I'm looking at seminaries for when I pursue an M.Div, and have been reading a lot of posts the past couple of months. Since a lot of the posts are a bit old, I thought I'd ask for some new opinions in regards to my current list of seminary options. Don't worry about me in regards to the seminaries, I have so much to learn as a recent convert to reformed theology and I need to serve in a church for a while, so I'm just concerned more about the merits of the schools themselves. My criteria was for reformed, confessional schools that are cheaper and more pastoral while still being academic, hence no CTS, WTS, WSCal, or RTS. Would you rank these schools differently than I did, and why do you feel that way about them? What are the upsides and downsides to these schools that I might be missing?

1)Greenville Presbyterian Theological Seminary
-The curriculum seems amazing to me, especially with the high emphasis on biblical languages and more than one apologetics course. Downside is, of course, the lack of accreditation, but as I'm called to ministry more than post-grad academics I don't think it is a big hold back. Just wary on whether the teaching is quality rather than quantity as far as course load.​
2)Puritan Reformed Theological Seminary
-I've heard good things about the faculty, it's accredited, and it's still cheap. Curriculum seems to be solid and I like that they do address books of the Bible unlike GPTS. Downside, for me, is that it is way up North and I appreciate the southern warmth which applies to the next 2 also.​
3)Reformed Presbyterian Theological Seminary
-Right off the bat I see it is RPCNA, which is not a denomination that I'm very familiar with but I know that they might be more conservative than I'm willing to go without knowing too much yet. Other than that, the price is good, and the curriculum seems to cover everything that I'd want it to (with one that large it better!).​4)Mid-America Reformed Seminary
-Don't know too much about this place. It does seem to be of the same rigor as the others.​
I liked a thread I read earlier on what to look for in seminaries, but I was wondering, what are good questions to ask professors over email or in general and what are things to look for/ask when you visit a seminary? It's hard for someone who's younger and with less experience to know very much in regards to how to rank seminaries. What do y'all recommend looking at?


----------



## kodos (Nov 24, 2015)

I'm a student in RPTS, starting my first courses next week. It is geared towards making Pastors first and foremost, and not necessarily scholars. So, most of the curriculum has a very pastoral bent (in fact the seminary's model is "Study under Pastors"). It is under the oversight of the Synod of the RPCNA - which is interesting in my particular case: since I am an elder in the RP church I get to also have some supervision of the school that I go to.

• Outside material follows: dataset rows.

(* Let $V$ be a finite-dimensional scalar product space and $T$ a self-adjoint operator on $V$. Let $\lambda$ be an eigenvalue of $T$, $U=T-\lambda I$, and suppose $x$ generates a cycle of generalized eigenvectors of length $p$ with eigenvalue $\lambda$ which is adapted to the scalar product with sign $\varepsilon$. Let $v_i=U^{p-i}x$ and $H=\operatorname{span}\{v_1,\dots,v_p\}$. For $0\le k\le p-1$ define the symmetric bilinear form $[y,w]_k=\langle U^k y,w\rangle$ on $H$. Then the number of zero entries in any diagonal representation of $[\cdot,\cdot]_k$ is $k$. If $\lambda\in\mathbb{R}$, then the number of negative entries in any diagonal representation of $[\cdot,\cdot]_k$ is $$\begin{cases}\lfloor\frac{(p-k)+1}{2}\rfloor&\text{if }\varepsilon=-1,\\ (p-k)-\lfloor\frac{(p-k)+1}{2}\rfloor&\text{if }\varepsilon=1.\end{cases}$$ In particular, the invariants of $[\cdot,\cdot]_k$ depend only on $p,k,\varepsilon$.
   Context: A scalar product is a non-degenerate symmetric bilinear form $\langle\cdot,\cdot\rangle$ over $\mathbb{R}$ or $\mathbb{C}$ (bilinear in the complex case); if $V$ is real, non-real eigenvalues are handled in the complexification with the bilinear extension, while for real $\lambda$ the cycle lies in the real space $V$. $T$ is self-adjoint if $\langle Tx,y\rangle=\langle x,Ty\rangle$. $x$ generates a cycle of length $p$ if $p$ is minimal with $U^px=0$. The cycle is adapted to the scalar product with sign $\varepsilon$ if $v_1,\dots,v_p$ satisfy $\langle v_i,v_j\rangle=\varepsilon$ for $i+j=p+1$ and $0$ otherwise, where $\varepsilon\in\{\pm1\}$ if $\lambda\in\mathbb{R}$ and $\varepsilon=1$ if $\lambda\notin\mathbb{R}$. A diagonal representation of a symmetric bilinear form is a basis in which its matrix is diagonal. *)

theory Defs
  imports "HOL-Analysis.Analysis"
begin

text \<open>Vectors of a finite-dimensional space over a field 'a are modelled as 'a^'n
  (every finite-dimensional space is of this form); scalar multiplication is (*s).\<close>

definition is_scalar_product :: "('a::field^'n \<Rightarrow> 'a^'n \<Rightarrow> 'a) \<Rightarrow> bool" where
  "is_scalar_product B \<longleftrightarrow>
     (\<forall>x x' y. B (x + x') y = B x y + B x' y) \<and>
     (\<forall>c x y. B (c *s x) y = c * B x y) \<and>
     (\<forall>x y. B x y = B y x) \<and>
     (\<forall>x. (\<forall>y. B x y = 0) \<longrightarrow> x = 0)"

It was founded in 1810 and so has a 205 year history.

As it is an RP school, you will learn RP distinctives such as Exclusive Psalmody as an application of the Regulative Principle of Worship. The Mediatorial Kingship of Christ, and Covenanter History.

That said, I believe many of the active students are not RPCNA. 

I am in the distance program, so I won't have to relocate to Pittsburgh until my final year or so. But, if you are looking for southern warmth (as in the weather) you definitely won't find it up there! Having lived in Southern California and now Texas for most of my life, I also have little love for colder climates. But, for the sake of "Christ's Crown and Covenant", people have endured far greater in His Service


----------



## Contra_Mundum (Nov 24, 2015)

I think you should go visit places where you may end up spending countless focused hours, and invested years of life lived.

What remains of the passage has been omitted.